ベルトユニットは、例えば、図1および図2に示したように、ベルト100と、従動ローラ(アイドルローラ)101と、本発明の一実施形態の「駆動体」である駆動ローラ102とを備えている。
[ベルト]
ベルト100は、例えば、図2に示したように、検知マーク120が設けられたベルト部材110を備えている。このベルト100は、例えば、従動ローラ101および駆動ローラ102により張架された状態において、その駆動ローラ102の回転に応じて移動可能である。

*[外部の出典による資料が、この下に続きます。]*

lemma sens_Cmat_le:
  assumes \<gamma>: "0 < \<gamma>" "\<gamma> < 1" and p: "0 < p" "p \<le> n" and b: "0 < b" "k * b \<le> n"
  shows "sens k b (Cmat \<gamma> p n)
    \<le> sqrt (2 * k * ((\<Sum>m<p. real (Suc m) powr (2 * \<gamma> - 2)) + real p powr (2 * \<gamma> - 1) / (1 - \<gamma>)))
      + sqrt (2 * (k / b) * (real p powr \<gamma> / (1 - \<gamma>))\<^sup>2)"
proof -
  let ?r = "\<lambda>m. fps_nth (inverse (band_fps \<gamma> p)) m"
  define Q where "Q = (\<Sum>m<p. real (Suc m) powr (2 * \<gamma> - 2)) + real p powr (2 * \<gamma> - 1) / (1 - \<gamma>)"
  define L where "L = real p powr \<gamma> / (1 - \<gamma>)"
  have Q: "0 \<le> Q" using \<gamma> by (simp add: Q_def sum_nonneg)
  have "j * b < n" if "j < k" for j
    using that b by (meson mult_less_mono1 order_less_le_trans)
  then have "sens k b (Cmat \<gamma> p n) = sqrt (\<Sum>i<n. (\<Sum>j<k. if j * b \<le> i then ?r (i - j * b) else 0)\<^sup>2)"
    by (simp add: Cmat_eq_lower_toeplitz[OF p(1)] sens_lower_toeplitz)
  also have "\<dots> \<le> sqrt (2 * k * ((\<Sum>m<n. (?r m)\<^sup>2) + L\<^sup>2 / b))"
    using strided_sum_square_le[OF inverse_band_fps_antimono inverse_band_fps_nonneg
        inverse_band_fps_sum_le b(1)] \<gamma> p(1) by (simp add: L_def)
  also have "\<dots> \<le> sqrt (2 * k * (Q + L\<^sup>2 / b))"
    using inverse_band_fps_sum_square_le[OF \<gamma> p]
    by (intro real_sqrt_le_mono mult_left_mono add_right_mono) (simp_all add: Q_def)
  also have "\<dots> \<le> sqrt (2 * k * Q) + sqrt (2 * (k / b) * L\<^sup>2)"
    using sqrt_add_le_add_sqrt[of "2 * k * Q" "2 * (k / b) * L\<^sup>2"] Q by (simp add: distrib_left)
  finally show ?thesis by (simp add: Q_def L_def)
qed

lemma sqrt_two_mult_le:
  fixes x y c :: real
  assumes "x \<le> 8 * y\<^sup>2" "0 \<le> y" "0 \<le> c"
  shows "sqrt (2 * c * x) \<le> 4 * (sqrt c * y)"
proof (rule real_le_lsqrt)
  show "2 * c * x \<le> (4 * (sqrt c * y))\<^sup>2"
    using mult_left_mono[OF assms(1), of "2 * c"] assms(3) by (simp add: power_mult_distrib)
qed (use assms in simp)

lemma sens_Cmat_le_lt:
  assumes \<gamma>: "0 < \<gamma>" "\<gamma> < 1/2" and p: "0 < p" "p \<le> n" and b: "0 < b" "k * b \<le> n"
  shows "sens k b (Cmat \<gamma> p n)
    \<le> 4 * (sqrt k / sqrt (1/2 - \<gamma>) + sqrt (real k / real b) * (real p powr \<gamma> / \<gamma>))"
proof -
  define D where "D = 1/2 - \<gamma>"
  have D: "0 < D" "1 \<le> 1 / (2 * D)" using \<gamma> by (simp_all add: D_def)
  have "(\<Sum>m<p. real (Suc m) powr (2 * \<gamma> - 2)) \<le> 1 + (real p powr (2 * \<gamma> - 1) - 1) / (2 * \<gamma> - 1)"
    using sum_powr_le[of "2 * \<gamma> - 1" p] \<gamma> p by (simp add: algebra_simps)
  also have "\<dots> = 1 + (1 - real p powr (2 * \<gamma> - 1)) / (2 * D)"
    by (simp add: D_def) (metis minus_diff_eq minus_divide_divide)
  also have "\<dots> \<le> 1 + 1 / (2 * D)"
    using D by (simp add: divide_right_mono)
  finally have head: "(\<Sum>m<p. real (Suc m) powr (2 * \<gamma> - 2)) \<le> 1 + 1 / (2 * D)" .
  have "real p powr (2 * \<gamma> - 1) \<le> 1"
    using powr_mono[of "2 * \<gamma> - 1" 0 "real p"] \<gamma> p by simp
  then have tail: "real p powr (2 * \<gamma> - 1) / (1 - \<gamma>) \<le> 2"
    using \<gamma> by (simp add: divide_simps)
  have "(\<Sum>m<p. real (Suc m) powr (2 * \<gamma> - 2)) + real p powr (2 * \<gamma> - 1) / (1 - \<gamma>)
      \<le> 4 * (1 / (2 * D))"
    using head tail D by linarith
  also have "\<dots> \<le> 8 * (1 / sqrt D)\<^sup>2"
    using D by (simp add: power_divide divide_right_mono)
  finally have "sqrt (2 * real k * ((\<Sum>m<p. real (Suc m) powr (2 * \<gamma> - 2)) + real p powr (2 * \<gamma> - 1) / (1 - \<gamma>)))
      \<le> 4 * (sqrt k * (1 / sqrt D))"
    by (rule sqrt_two_mult_le) (use D in simp_all)
  moreover have "(real p powr \<gamma> / (1 - \<gamma>))\<^sup>2 \<le> 8 * (real p powr \<gamma> / \<gamma>)\<^sup>2"
    using \<gamma> by (simp add: power_divide divide_simps power2_eq_square mult_mono)
  then have "sqrt (2 * (real k / real b) * (real p powr \<gamma> / (1 - \<gamma>))\<^sup>2) \<le> 4 * (sqrt (real k / real b) * (real p powr \<gamma> / \<gamma>))"
    by (rule sqrt_two_mult_le) (use \<gamma> in simp_all)
  ultimately show ?thesis
    using sens_Cmat_le[of \<gamma> p n b k] \<gamma> p b by (simp add: D_def)
qed

lemma sens_Cmat_le_half:
  assumes p: "2 \<le> p" "p \<le> n" and b: "0 < b" "k * b \<le> n"
  shows "sens k b (Cmat (1/2) p n)
    \<le> 4 * (sqrt (real k * ln (real p)) + sqrt (real k * real p / real b))"
proof -
  have ln: "2/3 \<le> ln (real p)"
  proof -
    have "ln 2 \<le> ln (real p)" using p by simp
    then show ?thesis using ln2_ge_two_thirds by linarith
  qed
  have "(\<Sum>m<p. real (Suc m) powr (2 * (1/2) - 2)) + real p powr (2 * (1/2) - 1) / (1 - 1/2)
      \<le> 1 + ln (real p) + 2"
    using sum_inverse_le_1_plus_ln[of p] p by simp
  also have "\<dots> \<le> 8 * (sqrt (ln (real p)))\<^sup>2"
    using ln by simp
  finally have "sqrt (2 * real k * ((\<Sum>m<p. real (Suc m) powr (2 * (1/2) - 2))
      + real p powr (2 * (1/2) - 1) / (1 - 1/2))) \<le> 4 * (sqrt k * sqrt (ln (real p)))"
    by (rule sqrt_two_mult_le) (use ln in simp_all)
  moreover have "(real p powr (1/2) / (1 - 1/2))\<^sup>2 \<le> 8 * (sqrt (real p))\<^sup>2"
    by (simp add: powr_half_sqrt power_divide)
  then have "sqrt (2 * (real k / real b) * (real p powr (1/2) / (1 - 1/2))\<^sup>2)
      \<le> 4 * (sqrt (real k / real b) * sqrt (real p))"
    by (rule sqrt_two_mult_le) simp_all
  ultimately show ?thesis
    using sens_Cmat_le[of "1/2" p n b k] p b by (simp add: real_sqrt_mult real_sqrt_divide)
qed

lemma sens_Cmat_le_gt:
  assumes \<gamma>: "1/2 < \<gamma>" "\<gamma> < 1" and p: "0 < p" "p \<le> n" and b: "0 < b" "k * b \<le> n"
  shows "sens k b (Cmat \<gamma> p n)
    \<le> 4 * (sqrt k * real p powr (\<gamma> - 1/2) / sqrt ((1 - \<gamma>) * (\<gamma> - 1/2))
      + sqrt (real k / real b) * (real p powr \<gamma> / (1 - \<gamma>)))"
proof -
  define E where "E = (1 - \<gamma>) * (\<gamma> - 1/2)"
  define q where "q = real p powr (2 * \<gamma> - 1)"
  have E: "0 < E" using \<gamma> by (simp add: E_def)
  have q: "0 \<le> q" by (simp add: q_def)
  have E2: "2 * E = (2 * \<gamma> - 1) * (1 - \<gamma>)" by (simp add: E_def field_simps)
  have "(\<Sum>m<p. real (Suc m) powr (2 * \<gamma> - 2)) \<le> 1 + (q - 1) / (2 * \<gamma> - 1)"
    using sum_powr_le[of "2 * \<gamma> - 1" p] \<gamma> p by (simp add: q_def algebra_simps)
  also have "\<dots> \<le> q / (2 * \<gamma> - 1)"
    using \<gamma> by (simp add: diff_divide_distrib)
  finally have "(\<Sum>m<p. real (Suc m) powr (2 * \<gamma> - 2)) + q / (1 - \<gamma>) \<le> q / (2 * \<gamma> - 1) + q / (1 - \<gamma>)"
    by simp
  also have "\<dots> = q * \<gamma> / ((2 * \<gamma> - 1) * (1 - \<gamma>))"
    using \<gamma> by (simp add: field_simps)
  also have "\<dots> = q * \<gamma> / (2 * E)"
    by (simp only: E2)
  also have "q * \<gamma> / (2 * E) \<le> 8 * (q / E)"
    using \<gamma> E q mult_left_mono[of \<gamma> 16 q] by (simp add: field_simps)
  also have "q / E = (real p powr (\<gamma> - 1/2) / sqrt E)\<^sup>2"
    using E by (simp add: q_def power_divide power2_eq_square powr_add[symmetric])
  finally have "sqrt (2 * real k * ((\<Sum>m<p. real (Suc m) powr (2 * \<gamma> - 2)) + q / (1 - \<gamma>)))
      \<le> 4 * (sqrt k * (real p powr (\<gamma> - 1/2) / sqrt E))"
    by (rule sqrt_two_mult_le) (use E in simp_all)
  moreover have "sqrt (2 * (real k / real b) * (real p powr \<gamma> / (1 - \<gamma>))\<^sup>2)
      \<le> 4 * (sqrt (real k / real b) * (real p powr \<gamma> / (1 - \<gamma>)))"
    by (rule sqrt_two_mult_le) (use \<gamma> in simp_all)
  ultimately show ?thesis
    using sens_Cmat_le[of \<gamma> p n b k] \<gamma> p b by (simp add: E_def q_def)
qed

theorem mainTheorem10:
  shows "\<exists>K::real. \<forall>(\<gamma>::real) (n::nat) (p::nat) (k::nat) (b::nat).
     0 < \<gamma> \<and> \<gamma> < 1 \<and> 2 \<le> p \<and> p \<le> n \<and> 1 \<le> k \<and> 1 \<le> b \<and> real k \<le> real n / real b \<longrightarrow>
     sens k b (Cmat \<gamma> p n) \<le>
       (if \<gamma> < 1/2 then
          K * (sqrt k / sqrt (1/2 - \<gamma>) + sqrt (real k / real b) * (real p powr \<gamma> / \<gamma>))
        else if \<gamma> = 1/2 then
          K * (sqrt (real k * ln (real p)) + sqrt (real k * real p / real b))
        else
          K * (sqrt k * real p powr (\<gamma> - 1/2) / sqrt ((1 - \<gamma>) * (\<gamma> - 1/2))
               + sqrt (real k / real b) * (real p powr \<gamma> / (1 - \<gamma>))))"
proof (intro exI[of _ 4] allI impI, goal_cases)
  case (1 \<gamma> n p k b)
  then have \<gamma>: "0 < \<gamma>" "\<gamma> < 1" and p: "2 \<le> p" "p \<le> n"
    and b: "0 < b" "real k \<le> real n / real b" by auto
  then have "real (k * b) \<le> real n" by (simp add: pos_le_divide_eq)
  then have kb: "k * b \<le> n" by linarith
  consider (lt) "\<gamma> < 1/2" | (half) "\<gamma> = 1/2" | (gt) "1/2 < \<gamma>" by linarith
  then show ?case
  proof cases
    case lt with sens_Cmat_le_lt[OF \<gamma>(1) lt _ p(2) b(1) kb] p show ?thesis by simp
  next
    case half show ?thesis using sens_Cmat_le_half[OF p b(1) kb] by (simp add: half)
  next
    case gt with sens_Cmat_le_gt[OF gt \<gamma>(2) _ p(2) b(1) kb] p show ?thesis by simp
  qed
qed

end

ベルト部材110は、所定の方向(X軸方向)に延在する帯状の部材であり、例えば、高分子材料などのうちのいずれか1種類または2種類以上を含んでいる。高分子材料の種類は、特に限定されないが、例えば、ポリイミド(PI)、ポリアミドイミド(PAI)、ポリフッ化ビニリデン(PVDF)、ポリエーテルエーテルケトン(PEEK)、ポリカーボネート(PC)、ポリフェニレンサルファイド(PPS)、複合型ゴムおよびエチレンとテトラフルオロエチレンとの共重合体(ETFE)などである。
ベルト部材110の使用態様は、特に限定されない。具体的には、ベルト部材110は、一端部と他端部とが互いに接続された無端状で使用されてもよい。または、ベルト部材110は、例えば、一端部および他端部のそれぞれが互いに接続されずに自由端となる有端状で使用されてもよい。ここでは、例えば、ベルト部材110は無端状であるため、ベルト100は無端状のベルトである。

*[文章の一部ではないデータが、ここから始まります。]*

lemma assoc_minor_sorted_list_of_set:
  assumes T: "finite T" "card T = m" and low: "\<exists>x\<in>T. x \<le> n"
  shows "assoc_minor m n (sorted_list_of_set T) =
    (sorted_list_of_set ({1..m} - (\<lambda>x. m + n + 1 - x) ` {x\<in>T. n < x}),
     sorted_list_of_set {x\<in>T. x \<le> n})"
proof -
  define b where "b = sorted_list_of_set T"
  define s where "s = card {x\<in>T. x \<le> n}"
  have b: "sorted_wrt (<) b" "length b = m" "set b = T" "distinct b"
    using T by (simp_all add: b_def)
  have nth_le_iff: "b ! j \<le> n \<longleftrightarrow> j < s" if "j < m" for j
    using sorted_wrt_less_nth_le_iff[OF b(1), of j n] that b
    by (simp add: s_def distinct_card[symmetric] Collect_conj_eq Int_commute)
  have "1 \<le> s" "s \<le> m"
    using T low by (auto simp: s_def Suc_le_eq card_gt_0_iff intro: card_mono)
  have "{j. 1 \<le> j \<and> j \<le> m \<and> b ! (j - 1) \<le> n} = {1..s}"
    using nth_le_iff \<open>s \<le> m\<close> by auto
  then have Max: "Max {j. 1 \<le> j \<and> j \<le> m \<and> b ! (j - 1) \<le> n} = s"
    using \<open>1 \<le> s\<close> by (simp add: Max_eq_iff)
  have high_set: "{b ! (j - 1) | j. s < j \<and> j \<le> m} = {x\<in>T. n < x}"
  proof (intro set_eqI iffI)
    fix x assume "x \<in> {x\<in>T. n < x}"
    then obtain i where "i < m" "x = b ! i" "n < x" using b by (auto simp: in_set_conv_nth)
    then show "x \<in> {b ! (j - 1) | j. s < j \<and> j \<le> m}"
      using nth_le_iff[of i] by (auto intro!: exI[of _ "Suc i"])
  next
    fix x assume "x \<in> {b ! (j - 1) | j. s < j \<and> j \<le> m}"
    then obtain j where "s < j" "j \<le> m" "x = b ! (j - 1)" by blast
    moreover from this have "j - 1 < m" "\<not> j - 1 < s" by auto
    ultimately show "x \<in> {x\<in>T. n < x}"
      using nth_le_iff[of "j - 1"] b by auto
  qed
  have high: "{m + n + 1 - b ! (j - 1) | j. s < j \<and> j \<le> m} = (\<lambda>x. m + n + 1 - x) ` {x\<in>T. n < x}"
    unfolding high_set[symmetric] by auto
  have "set (take s b) = {b ! i | i. i < s}"
    using \<open>s \<le> m\<close> b(2) by (force simp: set_conv_nth)
  also have "\<dots> = {x\<in>T. x \<le> n}"
  proof (intro set_eqI iffI)
    fix x assume "x \<in> {x\<in>T. x \<le> n}"
    then obtain i where "i < m" "x = b ! i" "x \<le> n" using b by (auto simp: in_set_conv_nth)
    then show "x \<in> {b ! i | i. i < s}" using nth_le_iff[of i] by auto
  qed (use nth_le_iff b \<open>s \<le> m\<close> in auto)
  finally have "set (take s b) = {x\<in>T. x \<le> n}" .
  then have "take s b = sorted_list_of_set {x\<in>T. x \<le> n}"
    using b(1) by (metis sorted_wrt_take sorted_list_of_set.idem_if_sorted_distinct strict_sorted_iff)
  then show ?thesis
    unfolding assoc_minor_def Let_def b_def[symmetric] Max high by simp
qed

ベルト部材110の厚さは、特に限定されないが、例えば、40μm〜1000μmである。
検知マーク120は、例えば、ベルト部材110の一面(表面)に設けられている。ただし、検知マーク120は、例えば、ベルト部材110の他の面(裏面)に設けられていてもよいし、表面および裏面の双方に設けられていてもよい。ここで説明するベルト部材110の「表面」とは、例えば、ベルト100が後述する画像形成装置(図8および図9参照)に搭載された際に、現像ユニット30(感光体ドラム32)に対向する側の面である。
この検知マーク120は、主に、ベルト100の変位量などを検出するために用いられる。これにより、ベルト100が連続的または断続的に移動している場合において、後述するフォトセンサなどを用いて検知マーク120を検出することにより、そのベルト100の移動量を測定することができる。この場合には、温度(熱など)および応力(張力など)に起因してベルト100が意図せずに伸縮した場合においても、フォトセンサなどを用いて検知マーク120を検出することにより、そのベルト100の移動量を補正することもできる。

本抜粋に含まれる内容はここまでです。